• **TASK DIRECTIONS**: Copy out the lines of the records below, and only those lines, from the one with "a spatial index" through the one with "idx = (\<Sum>nu<R.", exactly as they appear.
****************
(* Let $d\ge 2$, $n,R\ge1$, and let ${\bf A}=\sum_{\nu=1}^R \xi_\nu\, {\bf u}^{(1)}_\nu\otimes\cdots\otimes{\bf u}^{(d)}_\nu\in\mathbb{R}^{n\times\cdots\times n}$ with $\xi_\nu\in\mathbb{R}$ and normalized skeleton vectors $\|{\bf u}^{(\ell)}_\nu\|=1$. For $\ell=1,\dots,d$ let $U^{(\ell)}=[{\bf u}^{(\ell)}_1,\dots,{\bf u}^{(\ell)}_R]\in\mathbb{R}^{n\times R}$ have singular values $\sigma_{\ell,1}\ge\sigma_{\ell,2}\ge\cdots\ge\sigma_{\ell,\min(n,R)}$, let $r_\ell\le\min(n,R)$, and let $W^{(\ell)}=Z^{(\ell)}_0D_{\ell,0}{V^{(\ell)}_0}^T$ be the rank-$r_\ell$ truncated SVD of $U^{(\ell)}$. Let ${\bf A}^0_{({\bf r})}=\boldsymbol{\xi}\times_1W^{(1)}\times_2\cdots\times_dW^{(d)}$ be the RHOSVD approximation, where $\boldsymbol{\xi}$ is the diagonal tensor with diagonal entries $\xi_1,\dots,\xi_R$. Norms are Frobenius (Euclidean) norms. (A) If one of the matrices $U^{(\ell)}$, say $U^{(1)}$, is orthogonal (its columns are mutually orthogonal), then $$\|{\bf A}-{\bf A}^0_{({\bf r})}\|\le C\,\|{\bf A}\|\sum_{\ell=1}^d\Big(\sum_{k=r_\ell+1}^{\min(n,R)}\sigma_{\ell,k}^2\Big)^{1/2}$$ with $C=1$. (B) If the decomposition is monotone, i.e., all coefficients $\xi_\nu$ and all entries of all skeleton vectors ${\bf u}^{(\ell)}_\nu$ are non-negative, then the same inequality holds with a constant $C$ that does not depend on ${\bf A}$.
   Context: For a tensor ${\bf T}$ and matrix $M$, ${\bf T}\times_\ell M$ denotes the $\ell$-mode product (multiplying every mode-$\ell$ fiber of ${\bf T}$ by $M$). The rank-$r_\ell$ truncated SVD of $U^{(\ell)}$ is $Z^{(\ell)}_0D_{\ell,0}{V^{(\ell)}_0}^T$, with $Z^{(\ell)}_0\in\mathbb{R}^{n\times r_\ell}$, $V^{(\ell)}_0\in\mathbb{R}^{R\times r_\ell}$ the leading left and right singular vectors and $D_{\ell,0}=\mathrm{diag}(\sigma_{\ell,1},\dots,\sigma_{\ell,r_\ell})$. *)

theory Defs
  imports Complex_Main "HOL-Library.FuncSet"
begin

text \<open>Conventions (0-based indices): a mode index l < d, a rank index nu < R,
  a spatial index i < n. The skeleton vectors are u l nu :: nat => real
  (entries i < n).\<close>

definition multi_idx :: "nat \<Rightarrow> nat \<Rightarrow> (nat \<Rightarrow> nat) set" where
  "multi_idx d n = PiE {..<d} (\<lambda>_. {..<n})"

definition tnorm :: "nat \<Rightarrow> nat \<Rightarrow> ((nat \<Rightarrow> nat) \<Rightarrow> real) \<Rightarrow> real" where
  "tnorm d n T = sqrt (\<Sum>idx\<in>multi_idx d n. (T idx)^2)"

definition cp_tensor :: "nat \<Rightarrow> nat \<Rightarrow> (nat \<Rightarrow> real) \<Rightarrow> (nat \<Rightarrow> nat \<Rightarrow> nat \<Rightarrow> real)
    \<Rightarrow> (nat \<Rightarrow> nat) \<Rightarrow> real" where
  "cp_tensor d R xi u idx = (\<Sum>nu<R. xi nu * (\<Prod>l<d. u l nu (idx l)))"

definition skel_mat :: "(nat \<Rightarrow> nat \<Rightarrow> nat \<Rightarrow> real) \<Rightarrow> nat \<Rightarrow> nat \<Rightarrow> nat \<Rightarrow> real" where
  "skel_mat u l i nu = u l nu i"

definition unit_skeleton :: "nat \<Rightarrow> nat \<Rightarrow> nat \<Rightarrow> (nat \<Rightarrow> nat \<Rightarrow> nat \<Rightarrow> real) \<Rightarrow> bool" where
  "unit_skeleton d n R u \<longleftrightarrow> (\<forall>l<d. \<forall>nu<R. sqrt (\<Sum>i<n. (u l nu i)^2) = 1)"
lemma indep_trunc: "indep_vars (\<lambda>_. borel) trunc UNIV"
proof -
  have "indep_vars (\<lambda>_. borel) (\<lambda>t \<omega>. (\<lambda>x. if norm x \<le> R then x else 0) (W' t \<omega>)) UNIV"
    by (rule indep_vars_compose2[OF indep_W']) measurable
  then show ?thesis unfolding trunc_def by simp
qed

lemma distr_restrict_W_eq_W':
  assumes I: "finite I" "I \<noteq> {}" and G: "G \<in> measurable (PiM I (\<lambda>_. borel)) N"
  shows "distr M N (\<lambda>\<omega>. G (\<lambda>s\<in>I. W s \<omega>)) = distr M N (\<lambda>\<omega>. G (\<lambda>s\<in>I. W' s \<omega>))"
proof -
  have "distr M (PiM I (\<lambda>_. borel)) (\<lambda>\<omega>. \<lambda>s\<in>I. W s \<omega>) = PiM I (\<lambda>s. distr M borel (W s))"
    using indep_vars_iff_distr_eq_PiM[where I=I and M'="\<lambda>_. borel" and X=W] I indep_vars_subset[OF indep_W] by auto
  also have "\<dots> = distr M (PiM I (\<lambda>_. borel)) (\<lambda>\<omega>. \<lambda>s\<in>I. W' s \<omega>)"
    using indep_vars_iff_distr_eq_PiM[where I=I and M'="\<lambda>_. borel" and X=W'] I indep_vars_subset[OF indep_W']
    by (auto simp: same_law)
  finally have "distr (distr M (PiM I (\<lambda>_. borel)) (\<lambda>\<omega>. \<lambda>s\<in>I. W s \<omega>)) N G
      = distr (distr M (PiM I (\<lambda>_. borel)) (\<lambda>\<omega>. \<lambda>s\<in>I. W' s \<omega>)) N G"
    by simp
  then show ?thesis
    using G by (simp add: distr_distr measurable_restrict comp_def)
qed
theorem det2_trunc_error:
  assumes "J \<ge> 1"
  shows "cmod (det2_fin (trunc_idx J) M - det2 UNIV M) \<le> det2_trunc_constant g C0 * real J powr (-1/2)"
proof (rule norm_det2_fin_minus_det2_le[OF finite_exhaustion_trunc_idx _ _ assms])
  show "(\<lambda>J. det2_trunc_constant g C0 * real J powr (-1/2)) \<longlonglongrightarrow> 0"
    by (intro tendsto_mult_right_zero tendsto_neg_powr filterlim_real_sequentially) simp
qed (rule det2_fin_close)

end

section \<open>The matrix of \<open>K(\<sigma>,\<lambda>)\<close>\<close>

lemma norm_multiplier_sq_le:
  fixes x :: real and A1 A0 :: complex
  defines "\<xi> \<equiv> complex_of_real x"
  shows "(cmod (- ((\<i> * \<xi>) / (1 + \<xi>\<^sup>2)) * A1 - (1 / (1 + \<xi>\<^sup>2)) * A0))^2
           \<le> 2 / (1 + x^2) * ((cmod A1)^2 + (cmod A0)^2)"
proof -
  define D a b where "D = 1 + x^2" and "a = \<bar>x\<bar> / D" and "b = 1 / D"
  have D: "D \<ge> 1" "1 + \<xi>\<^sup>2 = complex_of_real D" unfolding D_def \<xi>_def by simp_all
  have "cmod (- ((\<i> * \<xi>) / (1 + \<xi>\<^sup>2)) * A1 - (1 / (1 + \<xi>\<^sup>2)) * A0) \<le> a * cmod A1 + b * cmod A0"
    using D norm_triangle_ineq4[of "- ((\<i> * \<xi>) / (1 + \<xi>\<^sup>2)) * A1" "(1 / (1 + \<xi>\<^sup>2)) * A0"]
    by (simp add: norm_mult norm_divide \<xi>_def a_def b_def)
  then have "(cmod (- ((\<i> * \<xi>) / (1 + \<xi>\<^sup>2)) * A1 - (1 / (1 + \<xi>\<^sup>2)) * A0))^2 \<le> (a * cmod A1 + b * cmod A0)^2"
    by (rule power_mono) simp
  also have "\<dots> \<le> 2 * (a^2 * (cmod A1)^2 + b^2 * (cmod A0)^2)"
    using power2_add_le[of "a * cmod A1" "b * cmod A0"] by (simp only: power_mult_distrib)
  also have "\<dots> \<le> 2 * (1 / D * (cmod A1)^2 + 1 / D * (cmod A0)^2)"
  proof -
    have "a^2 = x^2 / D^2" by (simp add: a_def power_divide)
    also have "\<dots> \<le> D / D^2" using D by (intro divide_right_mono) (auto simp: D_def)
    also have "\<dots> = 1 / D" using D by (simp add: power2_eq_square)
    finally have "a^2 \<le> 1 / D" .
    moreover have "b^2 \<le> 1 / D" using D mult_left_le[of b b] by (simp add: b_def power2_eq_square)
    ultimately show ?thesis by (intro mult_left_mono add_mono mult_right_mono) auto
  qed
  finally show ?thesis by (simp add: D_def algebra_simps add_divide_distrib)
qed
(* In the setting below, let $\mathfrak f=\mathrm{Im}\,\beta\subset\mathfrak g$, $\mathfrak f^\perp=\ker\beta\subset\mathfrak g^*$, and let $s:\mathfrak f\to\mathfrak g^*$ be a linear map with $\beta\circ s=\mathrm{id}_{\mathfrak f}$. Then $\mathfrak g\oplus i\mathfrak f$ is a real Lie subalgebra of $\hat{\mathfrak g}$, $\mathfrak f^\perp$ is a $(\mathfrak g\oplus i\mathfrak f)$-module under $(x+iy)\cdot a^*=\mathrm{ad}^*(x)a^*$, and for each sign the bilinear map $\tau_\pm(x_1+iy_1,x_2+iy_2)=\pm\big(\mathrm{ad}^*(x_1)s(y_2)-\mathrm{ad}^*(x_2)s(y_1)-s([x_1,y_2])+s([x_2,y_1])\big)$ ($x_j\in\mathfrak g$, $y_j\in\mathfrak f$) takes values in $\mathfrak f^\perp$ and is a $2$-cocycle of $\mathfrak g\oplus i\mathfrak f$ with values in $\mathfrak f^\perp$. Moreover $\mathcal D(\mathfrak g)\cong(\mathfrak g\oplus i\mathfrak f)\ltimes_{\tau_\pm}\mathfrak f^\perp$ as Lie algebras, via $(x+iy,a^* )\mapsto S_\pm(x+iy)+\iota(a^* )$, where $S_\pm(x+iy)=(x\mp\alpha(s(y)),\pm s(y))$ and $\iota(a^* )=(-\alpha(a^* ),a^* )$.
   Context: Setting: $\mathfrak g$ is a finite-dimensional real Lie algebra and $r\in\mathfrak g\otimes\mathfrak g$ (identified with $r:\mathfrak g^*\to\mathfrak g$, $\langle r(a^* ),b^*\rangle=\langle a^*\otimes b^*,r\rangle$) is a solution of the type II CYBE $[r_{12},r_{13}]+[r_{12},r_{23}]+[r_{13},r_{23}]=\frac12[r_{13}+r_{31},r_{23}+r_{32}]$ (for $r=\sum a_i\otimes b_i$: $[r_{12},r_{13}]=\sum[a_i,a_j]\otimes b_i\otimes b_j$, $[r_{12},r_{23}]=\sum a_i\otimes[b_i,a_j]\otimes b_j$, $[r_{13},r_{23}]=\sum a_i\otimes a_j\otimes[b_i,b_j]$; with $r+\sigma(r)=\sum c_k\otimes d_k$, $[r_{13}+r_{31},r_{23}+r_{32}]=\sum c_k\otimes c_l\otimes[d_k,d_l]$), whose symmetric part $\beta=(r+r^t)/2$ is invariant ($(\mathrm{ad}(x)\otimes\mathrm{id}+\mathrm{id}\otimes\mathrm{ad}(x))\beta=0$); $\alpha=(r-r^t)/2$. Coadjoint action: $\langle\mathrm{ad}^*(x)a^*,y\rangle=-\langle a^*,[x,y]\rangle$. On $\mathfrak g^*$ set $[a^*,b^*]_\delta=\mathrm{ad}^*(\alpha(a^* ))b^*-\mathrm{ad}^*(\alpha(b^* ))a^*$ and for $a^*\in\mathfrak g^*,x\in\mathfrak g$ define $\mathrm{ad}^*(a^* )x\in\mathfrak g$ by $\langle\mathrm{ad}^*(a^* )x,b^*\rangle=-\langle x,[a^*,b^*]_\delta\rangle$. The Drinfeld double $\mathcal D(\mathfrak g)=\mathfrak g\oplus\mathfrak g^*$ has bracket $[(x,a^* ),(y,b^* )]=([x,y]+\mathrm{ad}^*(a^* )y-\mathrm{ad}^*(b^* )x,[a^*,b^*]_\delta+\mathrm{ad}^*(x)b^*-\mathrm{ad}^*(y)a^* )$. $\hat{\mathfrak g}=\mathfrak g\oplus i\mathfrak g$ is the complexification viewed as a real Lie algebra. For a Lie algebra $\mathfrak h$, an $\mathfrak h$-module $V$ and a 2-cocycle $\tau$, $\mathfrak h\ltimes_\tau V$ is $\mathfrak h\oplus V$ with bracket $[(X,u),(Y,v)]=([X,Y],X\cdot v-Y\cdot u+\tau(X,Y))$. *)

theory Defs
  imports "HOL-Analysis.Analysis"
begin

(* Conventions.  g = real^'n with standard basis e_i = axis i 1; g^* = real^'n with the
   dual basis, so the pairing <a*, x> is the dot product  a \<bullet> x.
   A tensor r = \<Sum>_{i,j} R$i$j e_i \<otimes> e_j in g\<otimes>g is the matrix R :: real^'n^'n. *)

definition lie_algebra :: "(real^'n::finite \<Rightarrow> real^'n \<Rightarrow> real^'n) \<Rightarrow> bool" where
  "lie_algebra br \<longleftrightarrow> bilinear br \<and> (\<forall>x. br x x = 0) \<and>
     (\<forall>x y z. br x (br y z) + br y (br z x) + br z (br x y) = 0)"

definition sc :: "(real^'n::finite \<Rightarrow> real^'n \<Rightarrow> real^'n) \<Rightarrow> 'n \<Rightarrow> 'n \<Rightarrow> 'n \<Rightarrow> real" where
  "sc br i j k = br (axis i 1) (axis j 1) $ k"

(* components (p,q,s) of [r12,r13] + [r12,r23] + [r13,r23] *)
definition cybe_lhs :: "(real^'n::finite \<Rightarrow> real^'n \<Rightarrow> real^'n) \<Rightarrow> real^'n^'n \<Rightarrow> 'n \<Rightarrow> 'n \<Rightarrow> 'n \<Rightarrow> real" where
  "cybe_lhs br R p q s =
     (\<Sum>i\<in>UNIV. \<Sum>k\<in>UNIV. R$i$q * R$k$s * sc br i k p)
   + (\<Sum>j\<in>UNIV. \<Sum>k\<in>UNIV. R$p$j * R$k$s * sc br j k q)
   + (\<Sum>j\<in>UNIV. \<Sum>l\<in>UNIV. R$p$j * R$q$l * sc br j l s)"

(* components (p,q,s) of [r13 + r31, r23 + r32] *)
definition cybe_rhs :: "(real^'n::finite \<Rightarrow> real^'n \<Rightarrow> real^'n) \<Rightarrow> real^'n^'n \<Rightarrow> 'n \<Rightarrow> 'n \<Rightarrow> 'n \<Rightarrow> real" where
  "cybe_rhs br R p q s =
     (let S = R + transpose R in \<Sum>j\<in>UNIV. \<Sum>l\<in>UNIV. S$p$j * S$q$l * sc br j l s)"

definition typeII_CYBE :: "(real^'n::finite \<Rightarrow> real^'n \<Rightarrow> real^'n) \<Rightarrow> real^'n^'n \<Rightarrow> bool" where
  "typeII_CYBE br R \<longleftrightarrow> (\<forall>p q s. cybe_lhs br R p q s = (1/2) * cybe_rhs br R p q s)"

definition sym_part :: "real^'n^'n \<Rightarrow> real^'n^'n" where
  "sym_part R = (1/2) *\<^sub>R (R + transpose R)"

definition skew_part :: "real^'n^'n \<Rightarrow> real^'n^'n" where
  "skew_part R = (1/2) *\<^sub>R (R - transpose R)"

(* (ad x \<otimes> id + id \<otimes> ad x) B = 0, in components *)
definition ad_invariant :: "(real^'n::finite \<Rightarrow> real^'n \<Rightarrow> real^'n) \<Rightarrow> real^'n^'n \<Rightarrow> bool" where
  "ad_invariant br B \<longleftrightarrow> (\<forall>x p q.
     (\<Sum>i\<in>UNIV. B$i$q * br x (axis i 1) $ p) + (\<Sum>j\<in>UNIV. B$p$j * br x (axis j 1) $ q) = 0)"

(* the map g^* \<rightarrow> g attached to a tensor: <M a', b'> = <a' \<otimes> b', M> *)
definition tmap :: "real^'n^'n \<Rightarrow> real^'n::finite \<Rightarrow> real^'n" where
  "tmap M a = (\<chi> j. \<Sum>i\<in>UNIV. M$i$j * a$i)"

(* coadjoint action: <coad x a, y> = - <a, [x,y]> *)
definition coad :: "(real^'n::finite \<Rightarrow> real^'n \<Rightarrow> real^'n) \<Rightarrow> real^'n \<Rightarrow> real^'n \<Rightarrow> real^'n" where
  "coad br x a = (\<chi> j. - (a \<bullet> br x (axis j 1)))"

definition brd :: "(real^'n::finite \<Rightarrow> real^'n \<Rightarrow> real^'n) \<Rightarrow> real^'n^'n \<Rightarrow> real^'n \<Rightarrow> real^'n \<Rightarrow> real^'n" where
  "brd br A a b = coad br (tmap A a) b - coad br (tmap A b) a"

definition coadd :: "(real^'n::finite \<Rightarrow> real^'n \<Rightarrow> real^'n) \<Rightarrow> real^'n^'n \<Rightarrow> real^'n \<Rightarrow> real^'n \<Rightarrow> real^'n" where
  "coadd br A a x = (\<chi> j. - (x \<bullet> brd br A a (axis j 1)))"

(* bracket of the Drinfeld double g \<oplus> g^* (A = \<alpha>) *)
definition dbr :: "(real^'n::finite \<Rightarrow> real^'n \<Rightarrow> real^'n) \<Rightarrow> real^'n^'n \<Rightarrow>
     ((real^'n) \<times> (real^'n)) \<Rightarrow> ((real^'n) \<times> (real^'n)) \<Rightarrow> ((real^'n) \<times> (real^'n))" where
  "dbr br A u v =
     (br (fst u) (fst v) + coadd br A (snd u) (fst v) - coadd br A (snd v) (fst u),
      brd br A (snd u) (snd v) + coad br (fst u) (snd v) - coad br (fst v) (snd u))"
****************
• **SOLUTION BELOW**:
  a spatial index i < n. The skeleton vectors are u l nu :: nat => real
  (entries i < n).\<close>

definition multi_idx :: "nat \<Rightarrow> nat \<Rightarrow> (nat \<Rightarrow> nat) set" where
  "multi_idx d n = PiE {..<d} (\<lambda>_. {..<n})"

definition tnorm :: "nat \<Rightarrow> nat \<Rightarrow> ((nat \<Rightarrow> nat) \<Rightarrow> real) \<Rightarrow> real" where
  "tnorm d n T = sqrt (\<Sum>idx\<in>multi_idx d n. (T idx)^2)"

definition cp_tensor :: "nat \<Rightarrow> nat \<Rightarrow> (nat \<Rightarrow> real) \<Rightarrow> (nat \<Rightarrow> nat \<Rightarrow> nat \<Rightarrow> real)
    \<Rightarrow> (nat \<Rightarrow> nat) \<Rightarrow> real" where
  "cp_tensor d R xi u idx = (\<Sum>nu<R. xi nu * (\<Prod>l<d. u l nu (idx l)))"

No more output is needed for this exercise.